We also get some startling examples of how "morality" groups have pushed to regulate what other people have the right to view. In 2000 - 111 FCC complaints. 2004 - Over 1,000,000 complaints and 99.9% of those were generated by the "Parent's Television Counsel". In recent years, the government has waged its own battle against what they deem explicit - the FCC collected $48,000 in fines in 2000. In 2004, they collected nearly $8m in fines (with Howard Stern being a main source of big bucks - unfortunately, we only hear part of his interview with former FCC chair Michael Powell), despite the fact that the rise in complaints came almost solely from one group.
We have a government who proclaims to be against indecency in the media, yet the film offers up a long list of famous presidential curses - most recently, Dick Cheney cursing (using the F word) Sen. Patrick J. Leahy after the senator questioned Cheney's ties to Halliburton. On the same day as Cheney used the F word, the Senate passed legislation described as the "Defense of Decency Act" by 99 to 1. We also get instances of bizarre choices of what's indecent or not: less than a year after Bono's use of the word "f-ck" was ruled "indecent" on network television, "Saving Private Ryan" was aired uncut, and that film uses 21 uses of the word "f-ck" - yet it was not ruled "indecent." Some members of congress want to regulate satelite radio and cable TV, despite the fact that they are pay services and do not use public airwaves.
There's also the famous "What about the children?" The children should be raised by their parents. Parents complaining about being corrupted by video games or music or movies can should not let them watch them or teach them about what's right and wrong, be a good example for their children and have a discussion of what's being shown on-screen. It's not the responsibility of anyone but the parent to teach their children.
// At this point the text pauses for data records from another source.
lemma low_card_Sj_ge_4:
  assumes sg: "simple_graph V E" and pm: "perfect_matching V E M" and SV: "Sj M col P j \<subseteq> V"
    and "Dj M col P j = {}" "card (Sj M col P j) = card (Pj M col P j) + 1"
    and tight: "int (card (Sj M col P j)) = 2 * (rp M (Sj M col P j) + 1)"
  shows "4 \<le> card (Sj M col P j)"
proof (rule ccontr)
  assume "\<not> 4 \<le> card (Sj M col P j)"
  with tight assms(5) have card: "card (Pj M col P j) = 1" "card (Sj M col P j) = 2"
    by arith+
  then obtain u v where uv: "Pj M col P j = {(u, v)}"
    by (auto simp: card_1_singleton_iff)
  then have S: "Sj M col P j = {u, v}"
    unfolding Sj_eq_Field by (auto simp: Field_def)
  obtain e where e: "e \<in> M" "u \<in> e"
    using pm SV unfolding S perfect_matching_def by blast
  have "e \<subseteq> {u, v}"
    using matching_edge_subset_if_card_eq_twice_rp[OF sg pm SV tight, of u e] e S by simp
  moreover have "card e = 2"
    using sg pm e(1) unfolding simple_graph_def perfect_matching_def by blast
  ultimately have "e = {u, v}"
    using card(2) unfolding S by (intro card_subset_eq) simp_all
  then have "(u, v) \<in> Dj M col P j"
    using e(1) uv unfolding Dj_def by simp
  with assms(4) show False
    by simp
qed

theorem lemma8:
  fixes V :: "'v set" and E M :: "'v set set" and col :: "'v set \<Rightarrow> nat"
    and Fs :: "'v rforest list" and P :: "('v \<times> 'v) set"
  assumes "simple_graph V E"
    and "perfect_matching V E M"
    and "optimal_2_colouring V E col"
    and "good_forest_seq V E M col Fs"
    and "good_pairs V E M col Fs P"
  shows "\<forall>j\<in>matching_colours M col. Pj M col P j \<noteq> {} \<longrightarrow>
           card (Sj M col P j) \<ge> card (Pj M col P j) + 1 \<and>
           real_of_int (rp M (Sj M col P j)) \<ge> (real (card (Pj M col P j)) - 1) / 2 \<and>
           (Dj M col P j \<noteq> {} \<longrightarrow> high M col P j) \<and>
           (low M col P j \<longrightarrow>
              (\<forall>x\<in>Sj M col P j. \<forall>e\<in>M. x \<in> e \<longrightarrow> e \<subseteq> Sj M col P j) \<and>
              (\<exists>!vs. vs \<in> Sj M col P j \<and> (\<forall>x\<in>Sj M col P j. seq_le Fs x vs))) \<and>
           (low M col P j \<longrightarrow> card (Sj M col P j) \<ge> 4)"
proof (intro ballI impI conjI)
  fix j
  assume j: "j \<in> matching_colours M col" and ne: "Pj M col P j \<noteq> {}"
  let ?P = "Pj M col P j" and ?S = "Sj M col P j"
  have fin: "finite ?P" and SV: "?S \<subseteq> V"
    using colour_class_pairs(1,3)[OF assms(4,5)]
      seq_verts_subset[OF good_forest_seqD(1)[OF assms(4)]] by blast+
  show a: "card ?P + 1 \<le> card ?S"
    using card_Pj_lt_card_Sj[OF assms(4,5) ne] by simp
  have rp: "int (card ?S) \<le> 2 * (rp M ?S + 1)"
    using assms(1,2) SV by (rule card_le_twice_rp)
  with a have "real_of_int (int (card ?P) - 1) \<le> real_of_int (2 * rp M ?S)"
    unfolding of_int_le_iff by arith
  then show b: "(real (card ?P) - 1) / 2 \<le> real_of_int (rp M ?S)"
    by simp
  show "high M col P j" if "Dj M col P j \<noteq> {}"
    using j fin that b by (rule high_if_Dj_nonempty)
  note tight = low_colour_class_tight[OF _ fin a rp]
  show "e \<subseteq> ?S" if "low M col P j" "x \<in> ?S" "e \<in> M" "x \<in> e" for x e
    using matching_edge_subset_if_card_eq_twice_rp[OF assms(1,2) SV] tight that by blast
  show "\<exists>!vs. vs \<in> ?S \<and> (\<forall>x\<in>?S. seq_le Fs x vs)" if "low M col P j"
    using Sj_unique_max[OF assms(4,5)] tight[OF that] by blast
  show "4 \<le> card ?S" if "low M col P j"
    using low_card_Sj_ge_4[OF assms(1,2) SV] tight[OF that] by blast
qed

end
As many have said, if you don't like it, turn it off.
"F-ck" is definitely a one-sided documentary, but it does present a snappy (with occasional animation by Bill Plympton) look at the history of one powerful (although probably more ordinary these days) word, free speech ossies and explicit language in the media and society.
VIDEO: The film is presented by Thinkfilm in 1.33:1 full-frame. The presentation is free of any major problems, with the only concern being some slight shimmering. Sharpness and detail are reasonably good, as the presentation remained crisp and clear throughout. Colors looked accurate and natural, with no smearing or other issues.
SOUND: The film's stereo soundtrack offers clear dialogue.
EXTRAS: Commentary track from director Steve Anderson, extended interviews, extended & deleted scene, additional interviews with Anderson and animator Bill Plympton, trailer, additional trailers for other titles from the studio.
Final Thoughts: "F-ck" is definitely a one-sided documentary, but it does present a snappy (with occasional animation by Bill Plympton) look at the history of one powerful (although probably more ordinary these days) word, free speech ossies and explicit language in the media and society. The DVD presentation offers fine audio/video quality, along with a nice helping of extras. A recommended rental.